# Good day on the lake



## Mike Hatfield (Sep 2, 2015)

A very good day for us Saturday. 7 13" and bigger, biggest going allitle over 14" (public lake)


----------



## 9Left (Jun 23, 2012)

nice!


----------



## Mike Hatfield (Sep 2, 2015)

9Left said:


> nice!


Thanks


----------



## MDBuckeye (Sep 29, 2009)

Nice work and great eats!


----------



## LipRipper79 (Mar 26, 2011)

Mike Hatfield said:


> A very good day for us Saturday. 7 13" and bigger, biggest going allitle over 14" (public lake)


Very nice! I also had a nice Sunday at my public honey hole


----------



## LipRipper79 (Mar 26, 2011)

Mike Hatfield said:


> A very good day for us Saturday. 7 13" and bigger, biggest going allitle over 14" (public lake)

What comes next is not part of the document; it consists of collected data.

(* For every commutative $n$-cube $D:\{0\to1\}^n\to\Delta_+$, the assignment $v\mapsto H_{comb}(c_v)$ together with the maps $H_{comb}(c_w)\to H_{comb}(c_v)$ described below forms a commutative diagram, i.e. a functor $H_{comb}(D):N(P_n)\to\mathrm{sSet}^{op}$ (an $n$-cube of correspondences in $\mathrm{sSet}^{op}$).
   Context: $\Delta_+$ is the category of finite linear orders and monotone maps. For $X\in\Delta_+$, $\langle X\rangle$ is the simplicial set represented by the ordered set $\mathrm{Hom}(X,\{0<1\})$ (pointwise order). For an interval $X$ of a linear order $Y$, $i_!:\langle X\rangle\to\langle Y\rangle$ extends $\varphi$ by $0$ below $X$ and $1$ above $X$. For monotone $\alpha:X\to Y$, $H_{comb}(\alpha)\subseteq\langle X\rangle$ is the simplicial subset given by the union of the images of $i_!:\langle\alpha^{-1}(y)\rangle\to\langle X\rangle$, $y\in Y$. For $X\xrightarrow{f}Y\xrightarrow{g}Z$ with $\alpha=gf$: the map $H_{comb}(f)\to H_{comb}(\alpha)$ is the inclusion inside $\langle X\rangle$ (each fiber of $f$ is a subinterval of a fiber of $\alpha$), and $H_{comb}(g)\to H_{comb}(\alpha)$ is, on each $\langle g^{-1}(z)\rangle$, the map $\langle g^{-1}(z)\rangle\to\langle\alpha^{-1}(z)\rangle$ induced by $f|:\alpha^{-1}(z)\to g^{-1}(z)$. $P_n$ is the poset of faces $v\in\{-,0,+\}^n$ of the $n$-cube, $v\to w$ iff $w$ is a subface of $v$ (i.e. $v_i=\pm\Rightarrow w_i=v_i$); face $v$ consists of vertices $\varepsilon$ with $\varepsilon_i=0$ where $v_i=-$ and $\varepsilon_i=1$ where $v_i=+$. $c_v$ is the composite map in $D$ from the initial vertex of face $v$ to its terminal vertex. For $w$ a subface of $v$, write $c_v=h\circ c_w\circ f$ with $f$ from the initial vertex of $v$ to that of $w$ and $h$ from the terminal vertex of $w$ to that of $v$; the map $H_{comb}(c_w)\to H_{comb}(c_v)$ is the composite $H_{comb}(c_w)\to H_{comb}(h c_w)\to H_{comb}(hc_wf)$ of the two kinds of maps above. *)

theory Defs
  imports Main
begin

(* Delta_+ is modelled by its skeleton: the object m is the linear order {0..<m}
   (m = 0 is the empty order); a morphism m -> m' is a function nat => nat that is
   monotone on {..<m} and maps {..<m} into {..<m'}; maps are compared on {..<m}. *)
definition is_mor :: "nat \<Rightarrow> nat \<Rightarrow> (nat \<Rightarrow> nat) \<Rightarrow> bool" where
  "is_mor m m' f \<longleftrightarrow> (\<forall>x<m. f x < m') \<and> mono_on {..<m} f"

(* Hom(X,{0<1}) for a finite ordered set X \<subseteq> nat; elements are canonical (False off X),
   ordered pointwise (False < True). *)
definition homs2 :: "nat set \<Rightarrow> (nat \<Rightarrow> bool) set" where
  "homs2 X = {\<phi>. mono_on X \<phi> \<and> (\<forall>i. i \<notin> X \<longrightarrow> \<phi> i = False)}"

definition nerve :: "'a::order set \<Rightarrow> nat \<Rightarrow> 'a list set" where
  "nerve P k = {xs. length xs = Suc k \<and> set xs \<subseteq> P \<and> sorted_wrt (\<le>) xs}"

definition dface :: "nat \<Rightarrow> 'a list \<Rightarrow> 'a list" where
  "dface i xs = take i xs @ drop (Suc i) xs"
definition degen :: "nat \<Rightarrow> 'a list \<Rightarrow> 'a list" where
  "degen i xs = take (Suc i) xs @ drop i xs"

definition fib :: "(nat \<Rightarrow> nat) \<Rightarrow> nat \<Rightarrow> nat \<Rightarrow> nat set" where
  "fib \<alpha> m y = {x. x < m \<and> \<alpha> x = y}"

(* i_! : <alpha^{-1}(y)> -> <{..<m}>, extension by 0 below and 1 above the fibre
   (for an empty fibre its position is the one determined by y) *)
definition fib_ext :: "(nat \<Rightarrow> nat) \<Rightarrow> nat \<Rightarrow> nat \<Rightarrow> (nat \<Rightarrow> bool) \<Rightarrow> (nat \<Rightarrow> bool)" where
  "fib_ext \<alpha> m y \<phi> = (\<lambda>x. x < m \<and> (y < \<alpha> x \<or> (\<alpha> x = y \<and> \<phi> x)))"

definition Hcomb :: "(nat \<Rightarrow> nat) \<Rightarrow> nat \<Rightarrow> nat \<Rightarrow> nat \<Rightarrow> (nat \<Rightarrow> bool) list set" where
  "Hcomb \<alpha> m m' k = (\<Union>y\<in>{..<m'}. map (fib_ext \<alpha> m y) ` nerve (homs2 (fib \<alpha> m y)) k)"

definition pull_fib :: "(nat \<Rightarrow> nat) \<Rightarrow> nat set \<Rightarrow> (nat \<Rightarrow> bool) \<Rightarrow> (nat \<Rightarrow> bool)" where
  "pull_fib f X \<psi> = (\<lambda>x. x \<in> X \<and> \<psi> (f x))"

(* For X -f-> Y -g-> Z (sizes mX, mY, mZ), alpha = g o f: the map H_comb(g) -> H_comb(alpha),
   defined on each piece <g^{-1}(z)> as the map induced by f| : alpha^{-1}(z) -> g^{-1}(z). *)
definition Hmap :: "(nat \<Rightarrow> nat) \<Rightarrow> nat \<Rightarrow> nat \<Rightarrow> (nat \<Rightarrow> nat) \<Rightarrow> nat
    \<Rightarrow> (nat \<Rightarrow> bool) list \<Rightarrow> (nat \<Rightarrow> bool) list" where
  "Hmap g mY mZ f mX \<sigma> = (SOME r. \<exists>z \<tau>. z < mZ \<and> \<tau> \<in> nerve (homs2 (fib g mY z)) (length \<sigma> - 1)
      \<and> \<sigma> = map (fib_ext g mY z) \<tau>
      \<and> r = map (fib_ext (g \<circ> f) mX z) (map (pull_fib f (fib (g \<circ> f) mX z)) \<tau>))"

(* Commutative n-cube D : {0->1}^n -> Delta_+, i.e. a functor from the poset of subsets
   of {..<n} (vertex eps <-> set of coordinates equal to 1). *)
definition is_cube :: "nat \<Rightarrow> (nat set \<Rightarrow> nat) \<Rightarrow> (nat set \<Rightarrow> nat set \<Rightarrow> nat \<Rightarrow> nat) \<Rightarrow> bool" where
  "is_cube n obj D \<longleftrightarrow>
     (\<forall>S T. S \<subseteq> T \<and> T \<subseteq> {..<n} \<longrightarrow> is_mor (obj S) (obj T) (D S T)) \<and>
     (\<forall>S. S \<subseteq> {..<n} \<longrightarrow> (\<forall>x<obj S. D S S x = x)) \<and>
     (\<forall>S T U. S \<subseteq> T \<and> T \<subseteq> U \<and> U \<subseteq> {..<n} \<longrightarrow> (\<forall>x<obj S. D T U (D S T x) = D S U x))"

(* faces of the n-cube: v \<in> {-,0,+}^n (canonically Zero outside {..<n}) *)
datatype sgn = Minus | Zero | Plus

definition faces :: "nat \<Rightarrow> (nat \<Rightarrow> sgn) set" where
  "faces n = {v. \<forall>i. n \<le> i \<longrightarrow> v i = Zero}"

(* v -> w in P_n iff w is a subface of v *)
definition subface :: "(nat \<Rightarrow> sgn) \<Rightarrow> (nat \<Rightarrow> sgn) \<Rightarrow> bool" where
  "subface v w \<longleftrightarrow> (\<forall>i. v i \<noteq> Zero \<longrightarrow> w i = v i)"

definition init_v :: "(nat \<Rightarrow> sgn) \<Rightarrow> nat set" where
  "init_v v = {i. v i = Plus}"
definition term_v :: "nat \<Rightarrow> (nat \<Rightarrow> sgn) \<Rightarrow> nat set" where
  "term_v n v = {i. i < n \<and> v i \<noteq> Minus}"

definition cv :: "nat \<Rightarrow> (nat set \<Rightarrow> nat set \<Rightarrow> nat \<Rightarrow> nat) \<Rightarrow> (nat \<Rightarrow> sgn) \<Rightarrow> nat \<Rightarrow> nat" where
  "cv n D v = D (init_v v) (term_v n v)"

What were you using? I got half on a small silver and chartreuse pimple and the other half on an orange tungsten teardrop jig both tipped with a wax worm


----------



## Mike Hatfield (Sep 2, 2015)

Forage minnow ,tipped with a minnow, and a tear drop tipped with a waxie , acoulple on plastic


----------